Я приказал поставить пель-компас; все собрались около инструмента и рассматривали его с вниманием: Лагедиак не спускал глаз с магнитной стрелки, которая поворачивалась сама собой без малейшего прикосновения, и несколько расспрашивал меня, каким образом это происходит. Но как я мог дать ему понятие, если бы даже он совершенно понимал наш язык; как объяснить вещь, о которой я сам желал иметь полное знание? Он легко понял, что поворачивается только ящик, а стрелка остается неподвижной, ибо тотчас подметил, что она указывает на N и на S. Я еще раз попросил его показать положение неизвестной группы островов; он тотчас принялся за компас и вертел его на ножках до тех пор, пока не установил диоптры в определенном направлении, и тогда объяснил, что там находится группа островов. Направление компаса было к SW, и я тотчас записал этот румб на доске. Искусство писать было для дикарей новым явлением, возбудившим у них не только внимание, но и размышление. Я старался растолковать Лагедиаку, что все наши слова могут быть нанесены на доску, и, написав его имя, сказал: «Это Лагедиак». Он крайне испугался, увидев себя представленным столь странными фигурами, и, казалось, опасался, что посредством этого чародейства примет отныне такой вид. Прочие от всего сердца смеялись над забавным на доске Лагедиаком, а он сам стоял неподвижен в боязненном ожидании страшного превращения. Но я вскоре вывел его из этого мучительного положения, стерев надпись, он с благодарностью обнял меня и просил изобразить теперь на доске Лангина; этот последний, все время только издали с трепетом смотревший на мое колдовство, услышав об этом предложении, с громким криком убежал на другой конец корабля и скрылся; товарищи его издевались над ним, а я прекратил на сегодня свои чародейства. Я старался втолковать Лагедиаку, чтоб он изобразил на доске всю группу островов Отдиа; он взял в руки грифель и начертил кругообразную группу, обозначив под ветром пять проходов, которые называл «Ти-ер»; потом повернул диоптры к высокому острову на SW и сказал: «Еф-еф руо тиер»

(там два прохода). Это известие обрадовало меня потому, что теперь мы могли не возвращаться прежним путем, а найти проход удобнее и безопаснее пролива «Рюрика».

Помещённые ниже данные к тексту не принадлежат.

lemma finite_Lat_Int_cball: "finite (Lat \<inter> cball 0 R)"
proof -
  define K where "K = \<lceil>4 * R + 4\<rceil>"
  define P where "P = (\<lambda>(m::int, n::int). (a1 + a2) / 3 + of_int m * a1 + of_int n * a2)"
  have "Lat \<inter> cball 0 R \<subseteq> P ` ({-K..K} \<times> {-K..K})"
  proof
    fix p assume p: "p \<in> Lat \<inter> cball 0 R"
    then obtain m n :: int where pe: "p = (a1 + a2) / 3 + of_int m * a1 + of_int n * a2"
      by (auto simp: Lat_iff)
    have re: "Re p = 1/2 + m + n/2" and im: "Im p = sqrt 3 / 6 + n * sqrt 3 / 2"
      using pe by (simp_all add: a1_def a2_def)
    have "\<bar>Re p\<bar> \<le> R" "\<bar>Im p\<bar> \<le> R"
      using p abs_Re_le_cmod abs_Im_le_cmod by (fastforce intro: order.trans)+
    have s3: "1 \<le> sqrt 3" "sqrt 3 \<le> 2"
      using real_sqrt_le_mono[of 3 4] by simp_all
    have "\<bar>real_of_int n * sqrt 3 / 2\<bar> \<le> R + 1"
      using im \<open>\<bar>Im p\<bar> \<le> R\<close> s3 by linarith
    then have "\<bar>real_of_int n\<bar> * sqrt 3 \<le> 2 * R + 2" by (simp add: abs_mult)
    moreover have "\<bar>real_of_int n\<bar> \<le> \<bar>real_of_int n\<bar> * sqrt 3"
      using s3 mult_left_mono[of 1 "sqrt 3" "\<bar>real_of_int n\<bar>"] by simp
    ultimately have "\<bar>real_of_int n\<bar> \<le> 2 * R + 2" by linarith
    then have "\<bar>n\<bar> \<le> K" "\<bar>m\<bar> \<le> K" using re \<open>\<bar>Re p\<bar> \<le> R\<close> unfolding K_def by linarith+
    then show "p \<in> P ` ({-K..K} \<times> {-K..K})"
      unfolding P_def using pe by (auto intro!: image_eqI[where x="(m,n)"])
  qed
  then show ?thesis by (rule finite_subset) auto
qed

lemma bondsD:
  assumes "b \<in> bonds \<Omega>"
  shows "fst b \<in> \<Omega>" "snd b \<in> \<Omega>" "fst b \<in> Lat" "snd b \<in> Lat" "cmod (snd b - fst b) = 1"
  using assms unfolding bonds_def by auto

lemma norm_snd_le_if_bond: "b \<in> bonds \<Omega> \<Longrightarrow> norm (snd b) \<le> norm (fst b) + 1"
  using norm_triangle_sub[of "snd b" "fst b"] bondsD(5)[of b \<Omega>] by (simp add: add.commute)

lemma norm_fst_le_if_bond: "b \<in> bonds \<Omega> \<Longrightarrow> norm (fst b) \<le> norm (snd b) + 1"
  using norm_triangle_sub[of "fst b" "snd b"] bondsD(5)[of b \<Omega>] by (simp add: norm_minus_commute)

lemma finite_bonds_if_bounded_fst:
  assumes "S \<subseteq> bonds \<Omega>" "\<And>b. b \<in> S \<Longrightarrow> norm (fst b) \<le> R"
  shows "finite S"
proof -
  have "S \<subseteq> (Lat \<inter> cball 0 R) \<times> (Lat \<inter> cball 0 (R + 1))"
  proof
    fix b assume "b \<in> S"
    then show "b \<in> (Lat \<inter> cball 0 R) \<times> (Lat \<inter> cball 0 (R + 1))"
      using assms bondsD[of b \<Omega>] norm_snd_le_if_bond[of b \<Omega>] by (cases b) fastforce
  qed
  then show ?thesis by (rule finite_subset) (intro finite_cartesian_product finite_Lat_Int_cball)
qed

lemma finite_W0_support:
  assumes "v \<in> W0 \<Omega>"
  shows "finite {b\<in>bonds \<Omega>. Dif v b \<noteq> 0}"
proof -
  obtain R where "\<And>z. z \<in> fst ` {b\<in>bonds \<Omega>. Dif v b \<noteq> 0} \<Longrightarrow> norm z \<le> R"
    using assms unfolding W0_def bounded_iff by blast
  then show ?thesis by (intro finite_bonds_if_bounded_fst[of _ \<Omega> R]) auto
qed

lemma yhat_eq_Arg_plus_int: "\<exists>j::int. yhat z = Arg z / (2*pi) + j"
proof (cases "Arg z \<ge> 0")
  case True then show ?thesis by (intro exI[of _ 0]) (simp add: yhat_def)
next
  case False then show ?thesis by (intro exI[of _ 1]) (simp add: yhat_def field_simps)
qed

lemma yhat_diff_eq_Arg_divide_plus_int:
  assumes "\<xi> \<noteq> 0" "\<eta> \<noteq> 0"
  shows "\<exists>k::int. yhat \<eta> - yhat \<xi> = Arg (\<eta> / \<xi>) / (2*pi) + k"
proof -
  define s where "s = Arg \<xi> + Arg (\<eta> / \<xi>)"
  have "Arg \<eta> = Arg (\<xi> * (\<eta> / \<xi>))" using assms by simp
  also have "\<dots> = s + (if s \<in> {-pi<..pi} then 0 else if s > pi then -2*pi else 2*pi)"
    using Arg_times'[of \<xi> "\<eta> / \<xi>"] assms unfolding s_def by simp
  finally obtain c :: int where c: "Arg \<eta> = s + 2*pi*c"
    by (cases "s \<in> {-pi<..pi}"; cases "s > pi") (auto intro: that[of 0] that[of 1] that[of "-1"])
  obtain j1 j2 :: int where "yhat \<eta> = Arg \<eta> / (2*pi) + j1" "yhat \<xi> = Arg \<xi> / (2*pi) + j2"
    using yhat_eq_Arg_plus_int by metis
  then have "yhat \<eta> - yhat \<xi> = Arg (\<eta> / \<xi>) / (2*pi) + (c + j1 - j2)"
    using c unfolding s_def by (simp add: field_simps)
  then show ?thesis by blast
qed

Я упросил Лагедиака начертить и другую группу островов, именуемую им «Эрегуп»; он сделал круг, состоящий из

17 островов, и обозначил несколько проходов под ветром; потом указал на О и объяснил, что если отплыть отсюда с восходом солнца, то к заходу уже можно быть там.

Итак, по его описанию эта группа находилась недалеко от группы Отдиа, и я нимало не сомневался, что открою ее без всякого затруднения.

 Ларик (Лангин), один из вождей группы островов Румянцева Рисунок художника Л. Хориса

Мой приятель рассказывал, что на о. Эрегуп растут панданы («боб»), хлебное дерево («мя») и кокос («ни»), но население описал весьма незначительным, уверяя, что там живет только один старик с тремя женами; следовательно, старик господствовал только над своими женами, или же сам был втройне подвластен. Когда наши гости оставляли корабль, то я подарил Лагедиаку еще один топор, в чем, казалось, Рарик ему позавидовал; мы расстались дружелюбнее, чем когда-либо. Некоторые из наших спутников разменялись именами с дикарями: Лангин, особенно подружившийся с лейтенантом Шишмаревым, назвал себя по нему «Тимаро», а друг Шамиссо именовался Тамисо; они не могли произнести эти имена иначе.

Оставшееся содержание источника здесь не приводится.